Jeff Sands, only a couple of years out of law school and working as an associate lawyer at Wiggin & Dana in Hartford, specializing in the law dealing with nursing homes and other special care facilities, met Joyce Aparo for the first time in 1981, and they quickly developed a close professional relationship. “Health care is one of those regulated industries where you can’t sneeze without going to a regulator and getting approval. Now Joyce was in the planning department of the Health Department, which was charged with coming up with the rules and the methodology that would be used by the state for approving projects, and she was really incensed that Connecticut for a long time had systems in place that discouraged people from building or developing new and innovative programs for the elderly or for people with special injuries who needed long-term care. She tried to do something about it because she cared a lot about those people. She really authored a lot of the systems that we still use today, coming up with how and when and where nursing homes and other long-term facilities should be approved.”

In the process she became Connecticut’s leading authority on demographics and found herself able to predict what the future would hold, what would be required in the years to come. Both people who worked with her and outsiders say that she saw, before almost anyone else, the explosion in the elderly population and the spiraling need for facilities to take care of many in that aging group, and she set in motion means to deal with it.

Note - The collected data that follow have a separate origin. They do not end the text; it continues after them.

lemma second_order_ode_half_line_solution:
  fixes h h' h'' :: "real \<Rightarrow> complex"
  assumes s: "s \<noteq> 0"
    and h: "\<And>x. x > 0 \<Longrightarrow> (h has_vector_derivative h' x) (at x)"
    and h': "\<And>x. x > 0 \<Longrightarrow> (h' has_vector_derivative h'' x) (at x)"
    and ode: "\<And>x. x > 0 \<Longrightarrow> h'' x = of_real (s\<^sup>2) * h x"
  obtains A K where "\<And>x. x > 0 \<Longrightarrow> h x = A * of_real (exp (- s * x)) + K * of_real (exp (s * x))"
proof -
  \<comment> \<open>factor d^2/dx^2 - s^2 = (d/dx - s) (d/dx + s)\<close>
  define k where "k x = h' x + of_real s * h x" for x
  have "(k has_vector_derivative of_real s * k x) (at x)" if "x > 0" for x
  proof -
    have "(k has_vector_derivative h'' x + of_real s * h' x) (at x)"
      unfolding k_def[abs_def] using h h' that by (auto intro!: derivative_eq_intros)
    then show ?thesis
      using ode[OF that] by (simp add: k_def algebra_simps power2_eq_square)
  qed
  then obtain K where K: "\<And>x. x > 0 \<Longrightarrow> k x = K * of_real (exp (s * x))"
    by (rule linear_ode_half_line_solution) auto
  define n where "n x = h x - K / of_real (2 * s) * of_real (exp (s * x))" for x
  have "(n has_vector_derivative of_real (- s) * n x) (at x)" if "x > 0" for x
  proof -
    have n': "(n has_vector_derivative h' x - K / of_real (2 * s) * (of_real (exp (s * x) * s))) (at x)"
      unfolding n_def[abs_def]
      using h[OF that] by (auto intro!: derivative_eq_intros)
    have h'_eq: "h' x = K * of_real (exp (s * x)) - of_real s * h x"
      using K[OF that] by (simp add: k_def algebra_simps)
    have "h' x - K / of_real (2 * s) * (of_real (exp (s * x) * s)) = of_real (- s) * n x"
      unfolding h'_eq using s by (simp add: n_def field_simps)
    with n' show ?thesis
      by simp
  qed
  then obtain A where "\<And>x. x > 0 \<Longrightarrow> n x = A * of_real (exp (- s * x))"
    by (rule linear_ode_half_line_solution) auto
  then show thesis
    by (intro that[of A "K / of_real (2 * s)"]) (simp add: n_def algebra_simps)
qed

“I thought she was very dedicated,” Sands says. “She was always willing to take your phone call, always wanted to discuss an issue. She was very encouraging. Almost any developer who came into Connecticut—and there are an awful lot of big developers in the long-term health care field—would call Joyce. Every inquiry went in one way or another through her office. But she would not talk to anyone until she got references. She would call me, she would call other people she knew and trusted and she would talk to someone only if the references checked out and she thought these people were going to be okay for the state. It was a personal task for her. If you were okay for the state, then she would give you the secrets of the need methodology and the secrets of the regulatory process and tell you who you should hire as your attorney. There were two or three of us that she trusted and put on her good list. And she would tell you who you should hire as your accountant and what towns you should go to and who you should talk to in those towns. She had a wealth of information, but she didn’t want to be affiliated, even by a phone call, with some schleppy developer who would come in and ruin what she was trying to accomplish. I always had a high regard for her in that position. It was kind of neat to see that somebody in the state government had those kind of personal ethics.”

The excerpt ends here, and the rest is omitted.